[Artículo publicado por
el director de GASTRO ARAGÓN en EL PERIÓDICO DE ARAGÓN, del viernes, 8 de
marzo]
La cadena de transmisión
tradicional culinaria —diga coquinaria, si quiere pasar por ilustrado— ha
muerto. Las madres ya no explican a sus hijas la forma de cocinar, y las
cocinas públicas tampoco son ese reducto masculino, donde el chef, generalmente
entre efluvios etílicos y en los sótanos del restaurante, imponía sus normas a
unos asustados subalternos. Queda, eso sí, el reducto festivo y lúdico donde
aficionados entusiastas nos amenazan con sus especialidades, pocas, resueltas
con más voluntad que eficacia. Pero nada es como antes: ni nuestra vida y
trabajo —el que lo tenga—, ni los instrumentos, ni esa presencia constante, a
través de la publicidad, de la industria alimentaria.

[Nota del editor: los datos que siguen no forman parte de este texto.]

(* Let $\mathbb{F}$ be a field and $\mathcal{C} \subseteq \mathbb{F}^{m \times n}$ a linear code with $\dim(\mathcal{C}) = mk$ for a positive integer $k$. The following are equivalent: (1) there exists a subspace $\mathcal{L} \subseteq \mathbb{F}^n$ with $\mathcal{C} = \mathcal{V}_\mathcal{L}$; (2) $d_{M,km}(\mathcal{C}) = k$; (3) $d_{M,r}(\mathcal{C}) = \lceil r/m \rceil$ for all $1 \leq r \leq mk$.
   Context: ${\rm Row}(V)$ is the row space. For a subspace $\mathcal{L} \subseteq \mathbb{F}^n$, $\mathcal{V}_\mathcal{L} = \{V \in \mathbb{F}^{m\times n} \mid {\rm Row}(V) \subseteq \mathcal{L}\}$, and $d_{M,r}(\mathcal{C}) = \min\{\dim \mathcal{L} \mid \mathcal{L} \subseteq \mathbb{F}^n \text{ subspace}, \dim(\mathcal{C} \cap \mathcal{V}_\mathcal{L}) \ge r\}$. *)

theory Defs
  imports "HOL-Analysis.Analysis"
begin

text \<open>Matrices in F^(m x n) are rendered as 'a^'n^'m (rows indexed by 'm, columns by 'n),
  with m = CARD('m), n = CARD('n). Scalar multiplication on matrices is entrywise.\<close>

definition mscale :: "'a::field \<Rightarrow> 'a^'n^'m \<Rightarrow> 'a^'n^'m" where
  "mscale c A = (\<chi> i. c *s (A $ i))"

interpretation mat: vector_space "mscale :: 'a::field \<Rightarrow> 'a^'n^'m \<Rightarrow> 'a^'n^'m"
  by unfold_locales (auto simp: mscale_def vec_eq_iff algebra_simps)

definition Row :: "'a::field^'n^'m \<Rightarrow> ('a^'n) set" where
  "Row V = vec.span (range (\<lambda>i. V $ i))"

definition VL :: "('a::field^'n) set \<Rightarrow> ('a^'n^'m) set" where
  "VL L = {V. Row V \<subseteq> L}"

definition dM :: "nat \<Rightarrow> ('a::field^'n^'m) set \<Rightarrow> nat" where
  "dM r C = (LEAST d. \<exists>L. vec.subspace L \<and> vec.dim L = d \<and> mat.dim (C \<inter> VL L) \<ge> r)"

end

theory Submission imports Defs begin

text \<open>
  \<open>V\<^sub>L\<close> is spanned by the matrices with a single nonzero row taken from a basis of \<open>L\<close>,
  so \<open>dim V\<^sub>L = m \<cdot> dim L\<close>. Consequently \<open>dim (C \<inter> V\<^sub>L) \<le> m \<cdot> dim L\<close>, i.e.
  \<open>d\<^sub>M\<^sub>,\<^sub>r(C) \<ge> \<lceil>r/m\<rceil>\<close>, with equality for \<open>C = V\<^sub>L\<close> by taking subspaces of \<open>L\<close>.
  Conversely, if \<open>d\<^sub>M\<^sub>,\<^sub>m\<^sub>k(C) = k\<close> is attained by \<open>L\<close>, then \<open>C \<inter> V\<^sub>L\<close> has dimension
  \<open>mk = dim C = dim V\<^sub>L\<close>, forcing \<open>C = C \<inter> V\<^sub>L = V\<^sub>L\<close>.
\<close>

definition single_row :: "'m \<Rightarrow> 'a::field^'n \<Rightarrow> 'a^'n^'m" where
  "single_row i b = (\<chi> i'. if i' = i then b else 0)"

definition single_rows :: "('a::field^'n) set \<Rightarrow> ('a^'n^'m) set" where
  "single_rows B = (\<lambda>(i, b). single_row i b) ` (UNIV \<times> B)"

lemma module_hom_single_row:
  "module_hom (*s) mscale (single_row i :: 'a::field^'n \<Rightarrow> 'a^'n^'m)"
  by unfold_locales (auto simp: single_row_def mscale_def vec_eq_iff)

lemma matrix_eq_sum_single_rows: "(V :: 'a::field^'n^'m) = (\<Sum>i\<in>UNIV. single_row i (V $ i))"
  by (simp add: vec_eq_iff single_row_def)

lemma single_row_inject:
  assumes "b \<noteq> 0" "single_row i b = single_row i' b'"
  shows "i = i' \<and> b = b'"
proof -
  have "single_row i b $ i = single_row i' b' $ i" using assms by simp
  then have "b = (if i = i' then b' else 0)" by (simp add: single_row_def)
  then show ?thesis using assms(1) by (auto split: if_splits)
qed

lemma inj_on_single_rows:
  assumes "vec.independent B"
  shows "inj_on (\<lambda>(i, b). single_row i b :: 'a::field^'n^'m) (UNIV \<times> B)"
proof -
  have "0 \<notin> B" using assms vec.dependent_zero by blast
  then show ?thesis unfolding inj_on_def by clarsimp (metis single_row_inject)
qed

lemma card_single_rows:
  assumes "vec.independent B"
  shows "card (single_rows B :: ('a::field^'n^'m) set) = CARD('m) * card B"
  unfolding single_rows_def using card_image[OF inj_on_single_rows[OF assms]]
  by (simp add: card_cartesian_product)

lemma finite_single_rows: "vec.independent B \<Longrightarrow> finite (single_rows B)"
  unfolding single_rows_def by (simp add: vec.finiteI_independent)

lemma independent_single_rows:
  assumes "vec.independent B"
  shows "mat.independent (single_rows B :: ('a::field^'n^'m) set)"
proof (rule mat.independent_if_scalars_zero[OF finite_single_rows[OF assms]])
  fix f :: "'a^'n^'m \<Rightarrow> 'a" and x :: "'a^'n^'m"
  assume zero: "(\<Sum>x\<in>single_rows B. mscale (f x) x) = 0" and x: "x \<in> single_rows B"
  from x obtain i0 b0 where b0: "b0 \<in> B" and x_eq: "x = single_row i0 b0"
    unfolding single_rows_def by auto
  have "(\<Sum>x\<in>single_rows B. mscale (f x) x)
      = (\<Sum>(i, b)\<in>UNIV \<times> B. mscale (f (single_row i b)) (single_row i b))"
    unfolding single_rows_def
    by (subst sum.reindex[OF inj_on_single_rows[OF assms]]) (simp add: comp_def case_prod_unfold)
  also have "\<dots> = (\<Sum>i\<in>UNIV. \<Sum>b\<in>B. mscale (f (single_row i b)) (single_row i b))"
    by (rule sum.cartesian_product[symmetric])
  finally have "(\<Sum>i\<in>UNIV. \<Sum>b\<in>B. mscale (f (single_row i b)) (single_row i b)) $ i0 = 0"
    using zero by simp
  then have "(\<Sum>i\<in>UNIV. \<Sum>b\<in>B. if i0 = i then f (single_row i b) *s b else 0) = 0"
    by (simp add: mscale_def single_row_def if_distrib cong: if_cong)
  also have "(\<Sum>i\<in>UNIV. \<Sum>b\<in>B. if i0 = i then f (single_row i b) *s b else 0)
      = (\<Sum>i\<in>UNIV. if i0 = i then (\<Sum>b\<in>B. f (single_row i b) *s b) else 0)"
    by (intro sum.cong) auto
  finally have row_i0: "(\<Sum>b\<in>B. f (single_row i0 b) *s b) = 0"
    by simp
  from assms have "\<forall>c. (\<Sum>v\<in>B. c v *s v) = 0 \<longrightarrow> (\<forall>v\<in>B. c v = 0)"
    by (simp add: vec.independent_explicit)
  then show "f x = 0"
    using row_i0 b0 x_eq by (auto dest: spec[of _ "\<lambda>b. f (single_row i0 b)"])
qed

lemma mem_VL_iff:
  assumes "vec.subspace L"
  shows "V \<in> VL L \<longleftrightarrow> (\<forall>i. V $ i \<in> L)"
proof
  assume "V \<in> VL L"
  then show "\<forall>i. V $ i \<in> L" unfolding VL_def Row_def using vec.span_superset by blast
next
  assume "\<forall>i. V $ i \<in> L"
  then show "V \<in> VL L" unfolding VL_def Row_def using vec.span_minimal[OF _ assms] by blast
qed

lemma subspace_VL: "vec.subspace L \<Longrightarrow> mat.subspace (VL L :: ('a::field^'n^'m) set)"
  unfolding mat.subspace_def
  by (auto simp: mem_VL_iff mscale_def vec.subspace_0 vec.subspace_add vec.subspace_scale)

lemma VL_mono: "L \<subseteq> L' \<Longrightarrow> VL L \<subseteq> VL L'"
  by (auto simp: VL_def)

lemma VL_UNIV: "VL UNIV = UNIV"
  by (auto simp: VL_def)

lemma single_rows_subset_VL:
  "vec.subspace L \<Longrightarrow> B \<subseteq> L \<Longrightarrow> single_rows B \<subseteq> (VL L :: ('a::field^'n^'m) set)"
  unfolding single_rows_def by (auto simp: mem_VL_iff single_row_def vec.subspace_0)

lemma VL_subset_span_single_rows:
  assumes "vec.subspace L" "L \<subseteq> vec.span B"
  shows "VL L \<subseteq> mat.span (single_rows B :: ('a::field^'n^'m) set)"
proof
  fix V :: "'a^'n^'m" assume V: "V \<in> VL L"
  have "single_row i (V $ i) \<in> mat.span (single_rows B)" for i
  proof -
    have "V $ i \<in> vec.span B" using V assms by (auto simp: mem_VL_iff)
    then have "single_row i (V $ i) \<in> mat.span (single_row i ` B)"
      using module_hom.span_image[OF module_hom_single_row, of i B] by auto
    moreover have "single_row i ` B \<subseteq> single_rows B" unfolding single_rows_def by auto
    ultimately show ?thesis using mat.span_mono by blast
  qed
  then have "(\<Sum>i\<in>UNIV. single_row i (V $ i)) \<in> mat.span (single_rows B)"
    by (intro mat.span_sum) auto
  then show "V \<in> mat.span (single_rows B)" using matrix_eq_sum_single_rows[of V] by simp
qed

lemma dim_VL:
  assumes "vec.subspace L"
  shows "mat.dim (VL L :: ('a::field^'n^'m) set) = CARD('m) * vec.dim L"
proof -
  obtain B where B: "B \<subseteq> L" "vec.independent B" "L \<subseteq> vec.span B" "card B = vec.dim L"
    using vec.basis_exists[of L] by blast
  show ?thesis
    by (rule mat.dim_unique[OF single_rows_subset_VL[OF assms B(1)]
          VL_subset_span_single_rows[OF assms B(3)] independent_single_rows[OF B(2)]])
       (simp add: card_single_rows[OF B(2)] B(4))
qed

interpretation mat: finite_dimensional_vector_space
  "mscale :: 'a::field \<Rightarrow> 'a^'n^'m \<Rightarrow> 'a^'n^'m" "single_rows cart_basis"
proof unfold_locales
  show "finite (single_rows cart_basis :: ('a^'n^'m) set)"
    by (rule finite_single_rows[OF independent_cart_basis])
  show "mat.independent (single_rows cart_basis :: ('a^'n^'m) set)"
    by (rule independent_single_rows[OF independent_cart_basis])
  have "VL UNIV \<subseteq> mat.span (single_rows cart_basis :: ('a^'n^'m) set)"
    by (rule VL_subset_span_single_rows) auto
  then show "mat.span (single_rows cart_basis :: ('a^'n^'m) set) = UNIV"
    by (auto simp: VL_UNIV)
qed

lemma dim_inter_VL_le:
  fixes C :: "('a::field^'n^'m) set"
  assumes "vec.subspace L"
  shows "mat.dim (C \<inter> VL L) \<le> CARD('m) * vec.dim L"
  using mat.dim_subset[of "C \<inter> VL L" "VL L"] dim_VL[OF assms, where 'm='m] by simp

lemma dM_attained:
  fixes C :: "('a::field^'n^'m) set"
  assumes "r \<le> mat.dim C"
  shows "\<exists>L. vec.subspace L \<and> vec.dim L = dM r C \<and> r \<le> mat.dim (C \<inter> VL L)"
  unfolding dM_def
proof (rule LeastI_ex)
  show "\<exists>d L. vec.subspace L \<and> vec.dim L = d \<and> r \<le> mat.dim (C \<inter> VL L)"
    by (intro exI[of _ "vec.dim UNIV"] exI[of _ UNIV]) (simp add: assms VL_UNIV)
qed

lemma dM_le:
  "vec.subspace L \<Longrightarrow> r \<le> mat.dim (C \<inter> VL L) \<Longrightarrow> dM r C \<le> vec.dim L"
  unfolding dM_def by (rule Least_le) blast

lemma dM_lower_bound:
  fixes C :: "('a::field^'n^'m) set"
  assumes "r \<le> mat.dim C"
  shows "r \<le> CARD('m) * dM r C"
proof -
  obtain L where "vec.subspace L" "vec.dim L = dM r C" "r \<le> mat.dim (C \<inter> VL L)"
    using dM_attained[OF assms] by blast
  then show ?thesis using dim_inter_VL_le[of L C] by simp
qed

lemma nat_ceiling_divide_le_iff:
  assumes "m > 0"
  shows "nat \<lceil>real r / real m\<rceil> \<le> d \<longleftrightarrow> r \<le> m * d"
proof -
  have "nat \<lceil>real r / real m\<rceil> \<le> d \<longleftrightarrow> real r / real m \<le> real d"
    by (simp add: nat_le_iff ceiling_le_iff)
  also have "\<dots> \<longleftrightarrow> real r \<le> real (m * d)"
    using assms by (simp add: divide_le_eq mult.commute)
  finally show ?thesis by (simp only: of_nat_le_iff)
qed

lemma dM_VL:
  fixes L :: "('a::field^'n) set"
  assumes L: "vec.subspace L" and r: "r \<le> CARD('m) * vec.dim L"
  shows "dM r (VL L :: ('a^'n^'m) set) = nat \<lceil>real r / real CARD('m)\<rceil>"
    (is "_ = ?c")
proof (rule antisym)
  have "?c \<le> vec.dim L" using r nat_ceiling_divide_le_iff[of "CARD('m)" r] by simp
  then obtain T where T: "vec.subspace T" "T \<subseteq> vec.span L" "vec.dim T = ?c"
    using vec.choose_subspace_of_subspace by blast
  have "T \<subseteq> L" using T(2) L vec.span_eq_iff by blast
  then have "VL T \<subseteq> (VL L :: ('a^'n^'m) set)" by (rule VL_mono)
  then have "mat.dim (VL L \<inter> VL T :: ('a^'n^'m) set) = CARD('m) * ?c"
    using dim_VL[OF T(1)] T(3) by (simp add: Int_absorb1)
  moreover have "r \<le> CARD('m) * ?c"
    using nat_ceiling_divide_le_iff[of "CARD('m)" r ?c] by simp
  ultimately have "r \<le> mat.dim (VL L \<inter> VL T :: ('a^'n^'m) set)" by simp
  from dM_le[OF T(1) this] T(3) show "dM r (VL L :: ('a^'n^'m) set) \<le> ?c" by simp
  have "r \<le> CARD('m) * dM r (VL L :: ('a^'n^'m) set)"
    using dM_lower_bound[of r "VL L :: ('a^'n^'m) set"] r dim_VL[OF L, where 'm='m] by simp
  then show "?c \<le> dM r (VL L :: ('a^'n^'m) set)"
    using nat_ceiling_divide_le_iff[of "CARD('m)" r] by simp
qed

lemma eq_VL_if_dM_eq:
  fixes C :: "('a::field^'n^'m) set"
  assumes C: "mat.subspace C" "mat.dim C = CARD('m) * k"
    and dM: "dM (CARD('m) * k) C = k"
  shows "\<exists>L. vec.subspace L \<and> C = VL L"
proof -
  obtain L where L: "vec.subspace L" "vec.dim L = k" "CARD('m) * k \<le> mat.dim (C \<inter> VL L)"
    using dM_attained[of "CARD('m) * k" C] C(2) dM by auto
  have sub: "mat.subspace (C \<inter> VL L)"
    using C(1) subspace_VL[OF L(1)] by (rule mat.subspace_inter)
  have "C \<inter> VL L = C"
    by (rule mat.subspace_dim_equal[OF sub C(1)]) (use L(3) C(2) in auto)
  moreover have "C \<inter> VL L = VL L"
    by (rule mat.subspace_dim_equal[OF sub subspace_VL[OF L(1)]])
       (use L dim_VL[OF L(1), where 'm='m] in auto)
  ultimately show ?thesis using L(1) by auto
qed

theorem proposition16:
  fixes C :: "('a::field^'n^'m) set" and k :: nat
  assumes "k > 0"
    and "mat.subspace C"
    and "mat.dim C = CARD('m) * k"
  shows "((\<exists>L. vec.subspace L \<and> C = VL L) \<longleftrightarrow> dM (k * CARD('m)) C = k)
       \<and> (dM (k * CARD('m)) C = k \<longleftrightarrow>
          (\<forall>r. 1 \<le> r \<and> r \<le> CARD('m) * k \<longrightarrow> dM r C = nat \<lceil>real r / real CARD('m)\<rceil>))"
proof -
  let ?m = "CARD('m)"
  have one_to_three: "dM r C = nat \<lceil>real r / real ?m\<rceil>"
    if "vec.subspace L" "C = VL L" "r \<le> ?m * k" for L r
  proof -
    have "vec.dim L = k" using assms(3) dim_VL[OF that(1), where 'm='m] that(2) by simp
    then show ?thesis using dM_VL[OF that(1)] that by simp
  qed
  have three_to_two: "dM (k * ?m) C = k"
    if "\<forall>r. 1 \<le> r \<and> r \<le> ?m * k \<longrightarrow> dM r C = nat \<lceil>real r / real ?m\<rceil>"
    using that[rule_format, of "?m * k"] assms(1) by (simp add: mult.commute)
  have two_to_one: "\<exists>L. vec.subspace L \<and> C = VL L" if "dM (k * ?m) C = k"
    using eq_VL_if_dM_eq[OF assms(2,3)] that by (simp add: mult.commute)
  show ?thesis using one_to_three three_to_two two_to_one by blast
qed

end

Desaparecido, pues, el paradigma,
el panorama es incierto. En la mayoría de los hogares la cocina es una estancia
superflua, donde se acude a descongelar, aprovechar el microondas o regenerar
comida industrial preparada. Sin embargo, y paralelamente, guisar se está
convirtiendo en una actividad de ocio. En una especie de bricolaje que, con
mucha fortuna, produce más satisfacciones que ensamblar una mesa sin que quede
coja.
De suerte que los cursos de
cocina, una actividad creciente, se están configurando como una oferta más de
ocio. Una posibilidad de aprender técnicas, pero también conocimiento para
presumir ante los cuñados. O, en el peor de los casos, una sesión para saber
elaborar determinado plato, y no otro, u ocasión para el ligue entre maduritos
solitarios.
Uno no sabe posicionarse ante el
fenómeno. Es bueno, por supuesto, aprender a alimentarse, a disfrutar ante la
mesa, conocer todo lo que supone la amplia cadena alimentaria, desde cómo se
elabora el producto, hasta sus consecuencias para la salud. Mas es malo
convertirlo en simple ocio o placer, porque supone una dejación de nuestra
soberanía personal a la hora de nutrirnos, de subsistir, delegando en otros que
nos alimenten.
Ustedes mismos.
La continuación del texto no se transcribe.